- _Prompt_:
Lines to restate from the data below: from the one containing "case (Suc k)" to the one containing "rho r ^ (k +", both included. Give them again exactly, and only them.
--------------------
text \<open>The antiderivative comes from integrating termwise the expansion
  \<open>1 / (r - cos t) = (1 + 2 * (\<Sum>k\<ge>1. \<rho>^k * cos (k * t))) / (r - \<rho>)\<close>, using
  \<open>\<Sum>k\<ge>1. \<rho>^k * sin (k * t) / k = arctan (\<rho> * sin t / (1 - \<rho> * cos t))\<close>.\<close>
lemma has_real_derivative_antiderivative_inverse_diff_cos:
  fixes r \<rho> t :: real
  assumes \<rho>2: "\<rho>\<^sup>2 = 2 * r * \<rho> - 1" and \<rho>1: "\<bar>\<rho>\<bar> < 1"
  shows "((\<lambda>t. (t + 2 * arctan (\<rho> * sin t / (1 - \<rho> * cos t))) / (r - \<rho>))
           has_real_derivative 1 / (r - cos t)) (at t)"
proof -
  have "\<rho>\<^sup>2 \<noteq> 1" using \<rho>1 by (auto simp: power2_eq_1_iff)
  with \<rho>2 have ne: "r - \<rho> \<noteq> 0" by (auto simp: power2_eq_square)
  have "\<bar>\<rho> * cos t\<bar> \<le> \<bar>\<rho>\<bar>"
    using abs_cos_le_one[of t] by (simp add: abs_mult mult_left_le)
  with \<rho>1 have "(1 - \<rho> * cos t)\<^sup>2 > 0" by auto
  then have "(1 - \<rho> * cos t)\<^sup>2 + (\<rho> * sin t)\<^sup>2 > 0" by (simp add: add_pos_nonneg)
  moreover have "(1 - \<rho> * cos t)\<^sup>2 + (\<rho> * sin t)\<^sup>2 = 1 - 2 * \<rho> * cos t + \<rho>\<^sup>2"
    by (simp add: power_mult_distrib sin_squared_eq power2_diff algebra_simps)
  moreover have denom: "1 - 2 * \<rho> * cos t + \<rho>\<^sup>2 = 2 * \<rho> * (r - cos t)"
    using \<rho>2 by (simp add: algebra_simps)
  ultimately have "\<rho> \<noteq> 0" "r - cos t \<noteq> 0" by auto
  have "((\<lambda>t. (t + 2 * arctan (\<rho> * sin t / (1 - \<rho> * cos t))) / (r - \<rho>))
      has_real_derivative (1 + 2 * ((\<rho> * cos t - \<rho>\<^sup>2) / (2 * \<rho> * (r - cos t)))) / (r - \<rho>)) (at t)"
    using has_real_derivative_arctan_sin_divide[OF \<rho>1, of t] unfolding denom
    by (intro DERIV_cdivide DERIV_add DERIV_ident DERIV_cmult)
  moreover have "(1 + 2 * ((\<rho> * cos t - \<rho>\<^sup>2) / (2 * \<rho> * (r - cos t)))) / (r - \<rho>) = 1 / (r - cos t)"
    using ne \<open>\<rho> \<noteq> 0\<close> \<open>r - cos t \<noteq> 0\<close>
    by (simp add: divide_simps power2_eq_square) (simp add: algebra_simps)
  ultimately show ?thesis by simp
qed

lemma cos_quot_integral_1_0:
  assumes r: "\<bar>r\<bar> > 1"
  shows "cos_quot_integral r 1 0 = - pi / (r - rho r)"
proof -
  let ?F = "\<lambda>t. (t + 2 * arctan (rho r * sin t / (1 - rho r * cos t))) / (r - rho r)"
  have "((\<lambda>t. 1 / (r - cos t)) has_integral ?F 0 - ?F (-pi)) {-pi..0}"
    using has_real_derivative_antiderivative_inverse_diff_cos[OF rho_squared[OF r] abs_rho_less_1[OF r]]
    by (intro fundamental_theorem_of_calculus)
       (auto simp: has_real_derivative_iff_has_vector_derivative[symmetric] intro: has_field_derivative_at_within)
  from has_integral_neg[OF this]
  have "((\<lambda>t. 1 / (cos t - r)) has_integral - (?F 0 - ?F (-pi))) {-pi..0}"
    by (simp add: minus_divide_right)
  moreover have "- (?F 0 - ?F (-pi)) = - pi / (r - rho r)"
    by simp
  ultimately show ?thesis by (simp add: cos_quot_integral_def integral_unique)
qed

lemma cos_quot_integral_1:
  assumes r: "\<bar>r\<bar> > 1"
  shows "cos_quot_integral r 1 k = - pi / (r - rho r) * rho r ^ k"
proof -
  define A where "A = - pi / (r - rho r)"
  have "cos_quot_integral r 1 k = A * rho r ^ k \<and> cos_quot_integral r 1 (Suc k) = A * rho r ^ Suc k"
  proof (induction k)
    case 0
    have "cos_quot_integral r 1 1 = pi + r * A"
      using cos_quot_integral_Suc_1[OF r, of 0] cos_quot_integral_1_0[OF r]
      by (simp add: cos_quot_integral_0_0 A_def)
    with cos_quot_integral_1_0[OF r] r_minus_rho_neq_0[OF r] show ?case
      by (simp add: A_def field_simps)
  next
    case (Suc k)
    have "cos_quot_integral r 1 (k + 2) = 2 * r * cos_quot_integral r 1 (Suc k) - cos_quot_integral r 1 k"
      using cos_quot_integral_Suc_three_term[OF r, of 0 k] by (simp add: cos_quot_integral_0_Suc)
    also have "\<dots> = A * rho r ^ k * (2 * r * rho r - 1)"
      using Suc.IH by (simp add: algebra_simps)
    also have "\<dots> = A * rho r ^ k * (rho r)\<^sup>2"
      by (simp only: rho_squared[OF r])
    also have "\<dots> = A * rho r ^ (k + 2)"
      by (simp add: power_add power2_eq_square)
    finally show ?case using Suc.IH by simp
  qed
  then show ?thesis unfolding A_def by simp
qed

lemma cos_quot_integral_2:
  assumes r: "\<bar>r\<bar> > 1"
  shows "(1 - r\<^sup>2) * cos_quot_integral r 2 (Suc k)
           = - pi / (r - rho r) * rho r ^ k * (real (Suc k) - real k * r * rho r)"
proof -
  have "(1 - r\<^sup>2) * cos_quot_integral r 2 (Suc k)
          = - r * real k * cos_quot_integral r 1 (Suc k) + real (Suc k) * cos_quot_integral r 1 k"
    using cos_quot_integral_raise_order[OF r, of 0 k] by (simp add: numeral_2_eq_2 algebra_simps)
  also have "\<dots> = - pi / (r - rho r) * rho r ^ k * (real (Suc k) - real k * r * rho r)"
    unfolding cos_quot_integral_1[OF r] by (simp add: algebra_simps)
  finally show ?thesis .
qed

lemma cos_quot_integral_3:
  assumes r: "\<bar>r\<bar> > 1"
  shows "(1 - r\<^sup>2)\<^sup>2 * cos_quot_integral r 3 (Suc (Suc k))
           = - pi / (r - rho r) * rho r ^ k
             * (((real k + 3) * (real k + 1 - real k * r * rho r)
                 - real k * r * rho r * (real k + 2 - (real k + 1) * r * rho r)) / 2)"
proof -
  define A where "A = - pi / (r - rho r)"
  have raise: "(1 - r\<^sup>2) * cos_quot_integral r 3 (Suc (Suc k))
                 = - (real k / 2 * r) * cos_quot_integral r 2 (Suc (Suc k))
                   + (real k + 3) / 2 * cos_quot_integral r 2 (Suc k)"
    using cos_quot_integral_raise_order[OF r, of 1 "Suc k"]
    by (simp add: numeral_3_eq_3 numeral_2_eq_2 field_simps)
  have "(1 - r\<^sup>2)\<^sup>2 * cos_quot_integral r 3 (Suc (Suc k))
          = - (real k / 2 * r) * ((1 - r\<^sup>2) * cos_quot_integral r 2 (Suc (Suc k)))
            + (real k + 3) / 2 * ((1 - r\<^sup>2) * cos_quot_integral r 2 (Suc k))"
    by (simp only: power2_eq_square[of "1 - r\<^sup>2"] mult.assoc raise)
       (simp only: distrib_left mult.commute mult.left_commute)
  also have "\<dots> = A * rho r ^ k
             * (((real k + 3) * (real k + 1 - real k * r * rho r)
                 - real k * r * rho r * (real k + 2 - (real k + 1) * r * rho r)) / 2)"
    unfolding cos_quot_integral_2[OF r, folded A_def] by (simp add: algebra_simps add_divide_distrib)
  finally show ?thesis by (simp only: A_def)
qed

lemma has_integral_cos_substitution:
  fixes f :: "real \<Rightarrow> real"
  assumes f: "continuous_on {-1..1} f"
  shows "((\<lambda>t. - sin t * f (cos t)) has_integral integral {-1..1} f) {-pi..0}"
proof -
  have "((\<lambda>t. (- sin t) *\<^sub>R f (cos t)) has_integral integral {cos (-pi)..cos 0} f) {-pi..0}"
  proof (rule has_integral_substitution_strong[of "{}"])
    show "(cos has_real_derivative - sin t) (at t within {-pi..0})" for t
      by (auto intro!: derivative_eq_intros)
  qed (auto intro!: continuous_intros f)
  then show ?thesis by simp
qed

lemma cheb_T_cos:
  assumes "-pi \<le> t" "t \<le> 0"
  shows "cheb_T n (cos t) = cos (real n * t)"
  using assms by (simp add: cheb_T_def arccos_cos2)

lemma continuous_on_cheb_T: "continuous_on {-1..1} (cheb_T n)"
  unfolding cheb_T_def by (intro continuous_intros) auto

lemma power2_powr_three_halves:
  fixes y :: real
  assumes "y \<ge> 0"
  shows "(y\<^sup>2) powr (3/2) = y ^ 3"
proof (cases "y = 0")
  case False
  with assms have "y > 0" by simp
  then have "(y\<^sup>2) powr (3/2) = (y powr 2) powr (3/2)"
    by (simp add: powr_realpow)
  also have "\<dots> = y powr 3"
    by (simp add: powr_powr)
  finally show ?thesis
    using \<open>y > 0\<close> by (simp add: powr_realpow)
qed simp

lemma mult_square_one_minus_square_divide_cube:
  fixes x r c :: real
  assumes "x \<noteq> 0"
  shows "c * (1 - (x + r)\<^sup>2)\<^sup>2 / x ^ 3
           = c * x + 4 * r * c + (6 * r\<^sup>2 - 2) * (c / x) + 4 * r * (r\<^sup>2 - 1) * (c / x\<^sup>2)
             + (r\<^sup>2 - 1)\<^sup>2 * (c / x ^ 3)"
proof -
  have "c * (1 - (x + r)\<^sup>2)\<^sup>2 = x ^ 3 * (c * x + 4 * r * c) + x * x * ((6 * r\<^sup>2 - 2) * c)
                                   + x * (4 * r * (r\<^sup>2 - 1) * c) + (r\<^sup>2 - 1)\<^sup>2 * c"
    by (simp add: power2_eq_square power3_eq_cube algebra_simps)
  with assms show ?thesis
    by (simp add: add_divide_distrib power2_eq_square power3_eq_cube)
qed

lemma cos_mult_sin4_divide_cube:
  fixes r t :: real
  assumes "cos t \<noteq> r"
  shows "cos (real (k + 2) * t) * sin t ^ 4 / (cos t - r) ^ 3
           = (cos (real (k + 3) * t) + cos (real (k + 1) * t)) / 2 + 3 * r * cos (real (k + 2) * t)
             + (6 * r\<^sup>2 - 2) * (cos (real (k + 2) * t) / (cos t - r))
             + 4 * r * (r\<^sup>2 - 1) * (cos (real (k + 2) * t) / (cos t - r)\<^sup>2)
             + (r\<^sup>2 - 1)\<^sup>2 * (cos (real (k + 2) * t) / (cos t - r) ^ 3)"
proof -
  define x where "x = cos t - r"
  define c where "c = cos (real (k + 2) * t)"
  have "x \<noteq> 0" using assms by (simp add: x_def)
  have "c * sin t ^ 4 / x ^ 3 = c * (1 - (x + r)\<^sup>2)\<^sup>2 / x ^ 3"
    by (simp add: x_def sin_squared_eq[symmetric] power_mult[symmetric])
  also have "\<dots> = c * x + 4 * r * c + (6 * r\<^sup>2 - 2) * (c / x) + 4 * r * (r\<^sup>2 - 1) * (c / x\<^sup>2)
                     + (r\<^sup>2 - 1)\<^sup>2 * (c / x ^ 3)"
    using mult_square_one_minus_square_divide_cube[OF \<open>x \<noteq> 0\<close>] .
  also have "c * x + 4 * r * c = (cos (real (k + 3) * t) + cos (real (k + 1) * t)) / 2 + 3 * r * c"
    using cos_add_cos_Suc_Suc[of "k + 1" t]
    by (simp add: x_def c_def numeral_3_eq_3 add.commute algebra_simps)
  finally show ?thesis by (simp only: c_def x_def)
qed

lemma has_integral_cos_sin4_divide_cube:
  assumes r: "\<bar>r\<bar> > 1"
  shows "((\<lambda>t. cos (real (k + 2) * t) * sin t ^ 4 / (cos t - r) ^ 3) has_integral
           (6 * r\<^sup>2 - 2) * cos_quot_integral r 1 (k + 2)
           + 4 * r * (r\<^sup>2 - 1) * cos_quot_integral r 2 (k + 2)
           + (r\<^sup>2 - 1)\<^sup>2 * cos_quot_integral r 3 (k + 2)) {-pi..0}"
proof -
  let ?f = "\<lambda>m k t. cos (real k * t) / (cos t - r) ^ m"
  let ?g = "\<lambda>t. (?f 0 (k + 3) t + ?f 0 (k + 1) t) / 2 + 3 * r * ?f 0 (k + 2) t
                 + (6 * r\<^sup>2 - 2) * ?f 1 (k + 2) t + 4 * r * (r\<^sup>2 - 1) * ?f 2 (k + 2) t
                 + (r\<^sup>2 - 1)\<^sup>2 * ?f 3 (k + 2) t"
  have integral: "(?g has_integral
          (cos_quot_integral r 0 (k + 3) + cos_quot_integral r 0 (k + 1)) / 2
          + 3 * r * cos_quot_integral r 0 (k + 2)
          + (6 * r\<^sup>2 - 2) * cos_quot_integral r 1 (k + 2)
          + 4 * r * (r\<^sup>2 - 1) * cos_quot_integral r 2 (k + 2)
          + (r\<^sup>2 - 1)\<^sup>2 * cos_quot_integral r 3 (k + 2)) {-pi..0}"
    by (intro has_integral_add has_integral_mult_right has_integral_divide
          has_integral_cos_quot_integral r)
  have integrand: "?g = (\<lambda>t. cos (real (k + 2) * t) * sin t ^ 4 / (cos t - r) ^ 3)"
    unfolding cos_mult_sin4_divide_cube[OF cos_ne_of_abs_gt_1[OF r]] by simp
  have zeros: "cos_quot_integral r 0 (k + 3) = 0" "cos_quot_integral r 0 (k + 1) = 0"
    "cos_quot_integral r 0 (k + 2) = 0"
    by (metis add_Suc_right Suc_eq_plus1 numeral_3_eq_3 numeral_2_eq_2 cos_quot_integral_0_Suc)+
  from integral show ?thesis
    by (simp only: integrand zeros add_0_left mult_zero_right div_0)
qed

lemma combination_closed_form:
  fixes r \<rho> N x :: real
  assumes \<rho>2: "\<rho>\<^sup>2 = 2 * r * \<rho> - 1" and ne: "r - \<rho> \<noteq> 0"
  shows "- pi / (r - \<rho>) * x
           * ((6 * r\<^sup>2 - 2) * \<rho>\<^sup>2 - 4 * r * \<rho> * (N - (N - 1) * r * \<rho>)
              + ((N + 1) * (N - 1 - (N - 2) * r * \<rho>) - (N - 2) * r * \<rho> * (N - (N - 1) * r * \<rho>)) / 2)
         = pi / 4 * (x * \<rho> ^ 3 * ((N ^ 2 + 2 * N + 3) - 3 * (N + 1) * (r / (r - \<rho>)))
                     - x * \<rho> * ((N ^ 2 - 2 * N + 3) - 3 * (N - 1) * (r / (r - \<rho>))))"
    (is "- pi / (r - \<rho>) * x * ?S = _")
proof -
  have gen: "p / (4 * d) * x * (y * (P * d - B * r) - z * (Q * d - C * r))
               = p / 4 * (x * y * (P - B * (r / d)) - x * z * (Q - C * (r / d)))"
    if "d \<noteq> 0" for p d y z P Q B C :: real
    using that by (simp add: field_simps)
  have "- pi / (r - \<rho>) * x * ?S = pi / (4 * (r - \<rho>)) * x * (-4 * ?S)"
    using ne by (simp add: field_simps)
  also have "-4 * ?S = \<rho> ^ 3 * ((N ^ 2 + 2 * N + 3) * (r - \<rho>) - 3 * (N + 1) * r)
                       - \<rho> * ((N ^ 2 - 2 * N + 3) * (r - \<rho>) - 3 * (N - 1) * r)"
    using \<rho>2 by algebra
  finally show ?thesis
    unfolding gen[OF ne] .
qed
--------------------
- _Result of this task_:
    case (Suc k)
    have "cos_quot_integral r 1 (k + 2) = 2 * r * cos_quot_integral r 1 (Suc k) - cos_quot_integral r 1 k"
      using cos_quot_integral_Suc_three_term[OF r, of 0 k] by (simp add: cos_quot_integral_0_Suc)
    also have "\<dots> = A * rho r ^ k * (2 * r * rho r - 1)"
      using Suc.IH by (simp add: algebra_simps)
    also have "\<dots> = A * rho r ^ k * (rho r)\<^sup>2"
      by (simp only: rho_squared[OF r])
    also have "\<dots> = A * rho r ^ (k + 2)"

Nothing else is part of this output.